Task. Filter the listing for lines containing "approvers".

═══ Records provided ═══

lemma lit_val_flip:
  "lit_val (flip v c) L = (if lit_var L = v then \<not> lit_val c L else lit_val c L)"
  by (cases L) (auto simp: flip_def)

lemma flip_flip [simp]: "flip v (flip v c) = c"
  by (auto simp: flip_def)

lemma flip_neq [simp]: "flip v c \<noteq> c"
  by (metis flip_def fun_upd_same)

lemma flip_in_asg: "c \<in> asg C \<Longrightarrow> v \<in> C \<Longrightarrow> flip v c \<in> asg C"
  by (auto simp: asg_def flip_def)

lemma lit_eqI: "lit_val c L \<Longrightarrow> lit_val c L' \<Longrightarrow> lit_var L = lit_var L' \<Longrightarrow> L = L'"
  by (cases L; cases L') auto

lemma finite_asg: "finite C \<Longrightarrow> finite (asg C)"
proof -
  assume "finite C"
  have "asg C \<subseteq> (\<lambda>S v. v \<in> S) ` Pow C"
  proof
    fix c assume "c \<in> asg C"
    then have "c = (\<lambda>v. v \<in> {v \<in> C. c v})" by (auto simp: asg_def)
    then show "c \<in> (\<lambda>S v. v \<in> S) ` Pow C" by blast
  qed
  then show ?thesis using \<open>finite C\<close> finite_subset by blast
qed

lemma Pdot_lit_var_mem: "B \<in> Pdot C \<Longrightarrow> L \<in> B \<Longrightarrow> lit_var L \<in> C"
  by (cases L) (auto simp: Pdot_def Lits_def)

lemma Pdot_mono: "B \<in> Pdot C \<Longrightarrow> X \<subseteq> B \<Longrightarrow> X \<in> Pdot C"
  by (auto simp: Pdot_def)

lemma finite_Pdot: "finite C \<Longrightarrow> B \<in> Pdot C \<Longrightarrow> finite B"
  by (auto simp: Pdot_def Lits_def intro: finite_subset)

lemma asg_of_in_asg: "B \<in> Pdot C \<Longrightarrow> asg_of B \<in> asg C"
  by (auto simp: asg_def asg_of_def Pdot_def Lits_def)

lemma conj_val_asg_of: "B \<in> Pdot C \<Longrightarrow> conj_val (asg_of B) B"
  unfolding conj_val_def
proof
  fix L assume "B \<in> Pdot C" "L \<in> B"
  then show "lit_val (asg_of B) L" by (cases L) (auto simp: asg_of_def Pdot_def)
qed

lemma inj_on_lit_var_Pdot: "B \<in> Pdot C \<Longrightarrow> inj_on lit_var B"
  by (metis conj_val_asg_of conj_val_def inj_onI lit_eqI)

lemma lit_var_image_eq:
  assumes "finite C" "B \<in> Pdot C" "card B = card C"
  shows "lit_var ` B = C"
proof (rule card_subset_eq)
  show "lit_var ` B \<subseteq> C" using assms(2) Pdot_lit_var_mem by blast
  show "card (lit_var ` B) = card C"
    using card_image[OF inj_on_lit_var_Pdot[OF assms(2)]] assms(3) by simp
qed (fact assms(1))
(* Let $p>1$ be an integer and let $u^{(p)}$ be the fixed point of the substitution $\varphi_p(L)=L^pS$, $\varphi_p(S)=M$, $\varphi_p(M)=L^{p-1}S$. Then (i) each occurrence of $S$ in $u^{(p)}$ is preceded by $L$ and followed either by $L$ or by $M$; (ii) each occurrence of $M$ in $u^{(p)}$ is preceded by $S$ and followed by $L$.
   Context: $u^{(p)}=\lim_{n\to\infty}\varphi_p^n(L)$ is the unique infinite word over $\{L,S,M\}$ with $\varphi_p(u^{(p)})=u^{(p)}$. *)

theory Defs
  imports Main
begin

datatype letter = L | S | M

fun phi :: "nat \<Rightarrow> letter \<Rightarrow> letter list" where
  "phi p L = replicate p L @ [S]"
| "phi p S = [M]"
| "phi p M = replicate (p - 1) L @ [S]"

definition phi_word :: "nat \<Rightarrow> letter list \<Rightarrow> letter list" where
  "phi_word p w = concat (map (phi p) w)"

text \<open>The infinite word u^(p) = lim_{n\<rightarrow>\<infinity>} phi_p^n(L), as a function nat \<Rightarrow> letter:
  its n-th letter is the letter that the n-th position of phi_p^k(L) eventually
  (for all large k) carries.\<close>
definition u :: "nat \<Rightarrow> nat \<Rightarrow> letter" where
  "u p n = (THE c. \<exists>K. \<forall>k\<ge>K. n < length ((phi_word p ^^ k) [L]) \<and> (phi_word p ^^ k) [L] ! n = c)"

end

theory Submission
  imports Defs "HOL-Library.Sublist"
begin

text \<open>Call the two-letter words LL, LS, SL, SM, ML admissible. The morphism \<open>\<phi>\<^sub>p\<close> maps
  words all of whose factors of length two are admissible to words of the same kind: each
  image \<open>\<phi>\<^sub>p(a)\<close> is such a word, and at the junction of \<open>\<phi>\<^sub>p(a)\<phi>\<^sub>p(b)\<close> for an admissible
  \<open>ab\<close> the last letter of \<open>\<phi>\<^sub>p(a)\<close> is S (or M, when \<open>a = S\<close> and hence \<open>b = L\<close>) while the
  first letter of \<open>\<phi>\<^sub>p(b)\<close> is L (or M, when \<open>b = S\<close>); here \<open>p > 1\<close> is needed, as \<open>\<phi>\<^sub>1(M) = S\<close>.
  So every iterate \<open>\<phi>\<^sub>p\<^sup>k(L)\<close> is admissible. The iterates form a prefix chain converging
  to \<open>u\<^sup>(\<^sup>p\<^sup>)\<close>, which therefore starts with L and has only admissible factors; this is the
  claim.\<close>

definition admissible_pair :: "letter \<Rightarrow> letter \<Rightarrow> bool" where
  "admissible_pair a b \<longleftrightarrow> (a, b) \<in> {(L, L), (L, S), (S, L), (S, M), (M, L)}"

lemma phi_word_Nil [simp]: "phi_word p [] = []"
  by (simp add: phi_word_def)

lemma phi_word_Cons [simp]: "phi_word p (a # w) = phi p a @ phi_word p w"
  by (simp add: phi_word_def)

lemma phi_word_mono_prefix: "prefix v w \<Longrightarrow> prefix (phi_word p v) (phi_word p w)"
  by (auto simp: prefix_def phi_word_def)

lemma phi_nonempty: "phi p a \<noteq> []"
  by (cases a) auto

lemma successively_replicate_L_S: "successively admissible_pair (replicate n L @ [S])"
  by (induction n) (auto simp: successively_Cons admissible_pair_def hd_append)

lemma successively_phi: "successively admissible_pair (phi p a)"
  by (cases a) (auto simp: successively_replicate_L_S)

lemma admissible_pair_phi_junction:
  assumes "p > 1" "admissible_pair a b"
  shows "admissible_pair (last (phi p a)) (hd (phi p b))"
  using assms by (cases a; cases b) (auto simp: admissible_pair_def hd_append)

lemma successively_phi_word:
  assumes "p > 1" "successively admissible_pair w"
  shows "successively admissible_pair (phi_word p w)"
  using assms(2)
proof (induction w rule: induct_list012)
  case (3 a b v)
  have "hd (phi_word p (b # v)) = hd (phi p b)"
    by (simp add: hd_append phi_nonempty)
  with 3 show ?case
    using admissible_pair_phi_junction[OF assms(1)]
    by (simp only: phi_word_Cons[of p a] successively_append_iff successively_phi) simp
qed (simp_all add: successively_phi)

definition phi_iter :: "nat \<Rightarrow> nat \<Rightarrow> letter list" where
  "phi_iter p k = (phi_word p ^^ k) [L]"

lemma phi_iter_0: "phi_iter p 0 = [L]"
  by (simp add: phi_iter_def)

lemma phi_iter_Suc: "phi_iter p (Suc k) = phi_word p (phi_iter p k)"
  by (simp add: phi_iter_def)

lemma prefix_phi_iter_Suc:
  assumes "p > 0"
  shows "prefix (phi_iter p k) (phi_iter p (Suc k))"
proof (induction k)
  case 0
  from assms obtain q where "p = Suc q"
    using gr0_implies_Suc by blast
  then show ?case
    by (simp add: phi_iter_0 phi_iter_Suc)
next
  case (Suc k)
  then show ?case
    by (simp add: phi_iter_Suc[of p "Suc k"] phi_iter_Suc[of p k] phi_word_mono_prefix)
qed

lemma hd_phi_iter: "p > 0 \<Longrightarrow> hd (phi_iter p k) = L"
  using prefix_order.lift_Suc_mono_le[of "phi_iter p", OF prefix_phi_iter_Suc, of 0 k]
  by (auto simp: phi_iter_0 prefix_def)

lemma length_le_length_phi_word: "length w \<le> length (phi_word p w)"
proof (induction w)
  case (Cons a w)
  have "0 < length (phi p a)"
    by (simp add: phi_nonempty)
  then show ?case
    using Cons.IH by (simp only: phi_word_Cons length_append list.size)
qed simp

lemma length_phi_iter:
  assumes "p > 0"
  shows "k < length (phi_iter p k)"
proof (induction k)
  case 0
  then show ?case by (simp add: phi_iter_0)
next
  case (Suc k)
  then obtain w where w: "phi_iter p k = L # w"
    using hd_phi_iter[OF assms, of k] by (cases "phi_iter p k") auto
  then show ?case
    using Suc.IH length_le_length_phi_word[of w p] assms by (simp add: phi_iter_Suc w)
qed

lemma limit_letter_prefix_chain:
  fixes ws :: "nat \<Rightarrow> 'a list"
  assumes chain: "\<And>k. prefix (ws k) (ws (Suc k))" and n: "n < length (ws k)"
  shows "(THE c. \<exists>K. \<forall>k'\<ge>K. n < length (ws k') \<and> ws k' ! n = c) = ws k ! n"
proof -
  have stable: "n < length (ws k') \<and> ws k' ! n = ws k ! n" if "k \<le> k'" for k'
  proof -
    have "prefix (ws k) (ws k')"
      using prefix_order.lift_Suc_mono_le[of ws, OF chain that] .
    then obtain t where "ws k' = ws k @ t" by (auto simp: prefix_def)
    with n show ?thesis
      by (simp add: nth_append)
  qed
  show ?thesis
  proof (rule the_equality)
    fix c
    assume "\<exists>K. \<forall>k'\<ge>K. n < length (ws k') \<and> ws k' ! n = c"
    then obtain K where "\<forall>k'\<ge>K. n < length (ws k') \<and> ws k' ! n = c" ..
    then show "c = ws k ! n"
      using stable[of "max K k"] by simp
  qed (use stable in blast)
qed

lemma u_eq_phi_iter:
  assumes "p > 0" "n < length (phi_iter p k)"
  shows "u p n = phi_iter p k ! n"
  using limit_letter_prefix_chain[OF prefix_phi_iter_Suc[OF assms(1)] assms(2)]
  by (simp add: u_def phi_iter_def)

lemma u_0: "p > 0 \<Longrightarrow> u p 0 = L"
  using u_eq_phi_iter[of p 0 0] by (simp add: phi_iter_0)

lemma successively_phi_iter:
  "p > 1 \<Longrightarrow> successively admissible_pair (phi_iter p k)"
  by (induction k) (simp_all add: phi_iter_0 phi_iter_Suc successively_phi_word)

lemma admissible_pair_u:
  assumes "p > 1"
  shows "admissible_pair (u p n) (u p (Suc n))"
proof -
  define w where "w = phi_iter p (Suc (Suc n))"
  have len: "Suc n < length w"
    using length_phi_iter[of p "Suc (Suc n)"] assms by (simp add: w_def)
  have "successively admissible_pair w"
    using successively_phi_iter[OF assms] by (simp add: w_def)
  from successively_nth[OF this len] show ?thesis
    using u_eq_phi_iter[of p n "Suc (Suc n)"] u_eq_phi_iter[of p "Suc n" "Suc (Suc n)"] len assms
    by (simp add: w_def)
qed

theorem mainTheorem3:
  fixes p :: nat
  assumes "p > 1"
  shows "(\<forall>i. u p i = S \<longrightarrow>
            i > 0 \<and> u p (i - 1) = L \<and> (u p (i + 1) = L \<or> u p (i + 1) = M))
       \<and> (\<forall>i. u p i = M \<longrightarrow>
            i > 0 \<and> u p (i - 1) = S \<and> u p (i + 1) = L)"
proof -
  have neighbours: "i > 0 \<and> admissible_pair (u p (i - 1)) (u p i)
      \<and> admissible_pair (u p i) (u p (i + 1))" if "u p i \<noteq> L" for i
  proof -
    have "i > 0"
      using that u_0[of p] assms by (cases i) auto
    then show ?thesis
      using admissible_pair_u[OF assms, of "i - 1"] admissible_pair_u[OF assms, of i] by simp
  qed
  show ?thesis
  proof (intro conjI allI impI)
    fix i
    assume "u p i = S"
    with neighbours[of i]
    show "i > 0" "u p (i - 1) = L" "u p (i + 1) = L \<or> u p (i + 1) = M"
      by (auto simp: admissible_pair_def)
  next
    fix i
    assume "u p i = M"
    with neighbours[of i]
    show "i > 0" "u p (i - 1) = S" "u p (i + 1) = L"
      by (auto simp: admissible_pair_def)
  qed
qed

end
definition valid_division :: "real \<Rightarrow> nat \<Rightarrow> (nat \<Rightarrow> real set) \<Rightarrow> real set \<Rightarrow> (real \<times> real) set \<Rightarrow> bool" where
  "valid_division c n C A D \<longleftrightarrow> finite D
     \<and> (\<forall>I\<in>D. fst I < snd I \<and>
          (\<forall>i\<in>{1..n}. {fst I..snd I} \<subseteq> C i \<or> len ({fst I..snd I} \<inter> C i) = 0))
     \<and> (\<forall>I\<in>D. \<forall>J\<in>D. I \<noteq> J \<longrightarrow> snd I \<le> fst J \<or> snd J \<le> fst I)
     \<and> emeasure lborel ((\<Union>I\<in>D. {fst I..snd I}) - ({0..c} - A)) = 0
     \<and> emeasure lborel (({0..c} - A) - (\<Union>I\<in>D. {fst I..snd I})) = 0"

definition affordable :: "nat \<Rightarrow> (nat \<Rightarrow> real set) \<Rightarrow> (nat \<Rightarrow> real) \<Rightarrow> real \<times> real \<Rightarrow> real \<Rightarrow> real \<Rightarrow> bool" where
  "affordable n C b I x \<rho> \<longleftrightarrow> fst I < x \<and> x \<le> snd I \<and> \<rho> \<ge> 0 \<and>
     (\<Sum>i\<in>approvers n C b I. min (b i) ((x - fst I) * \<rho>)) = x - fst I"

text \<open>One iteration (Steps 2 and 3, nondeterministic in the division and tie-breaking).\<close>
definition mes_step :: "real \<Rightarrow> nat \<Rightarrow> (nat \<Rightarrow> real set) \<Rightarrow>
    real set \<times> (nat \<Rightarrow> real) \<Rightarrow> real set \<times> (nat \<Rightarrow> real) \<Rightarrow> bool" where
  "mes_step c n C s s' \<longleftrightarrow> (case s of (A, b) \<Rightarrow>
     \<exists>D I x \<rho>. valid_division c n C A D \<and> I \<in> D \<and> affordable n C b I x \<rho>
       \<and> (\<forall>J\<in>D. \<forall>x' \<rho>'. affordable n C b J x' \<rho>' \<longrightarrow> \<rho> \<le> \<rho>')
       \<and> (\<forall>x'. affordable n C b I x' \<rho> \<longrightarrow> x' \<le> x)
       \<and> s' = (A \<union> {fst I..x},
               (\<lambda>i. if i \<in> approvers n C b I then b i - min (b i) ((x - fst I) * \<rho>) else b i)))"

definition mes_terminal :: "real \<Rightarrow> nat \<Rightarrow> (nat \<Rightarrow> real set) \<Rightarrow> real set \<Rightarrow> (nat \<Rightarrow> real) \<Rightarrow> bool" where
  "mes_terminal c n C A b \<longleftrightarrow>
     (\<exists>D. valid_division c n C A D \<and> (\<forall>I\<in>D. \<forall>x \<rho>. \<not> affordable n C b I x \<rho>))"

═══

Answer below.
     (\<Sum>i\<in>approvers n C b I. min (b i) ((x - fst I) * \<rho>)) = x - fst I"
               (\<lambda>i. if i \<in> approvers n C b I then b i - min (b i) ((x - fst I) * \<rho>) else b i)))"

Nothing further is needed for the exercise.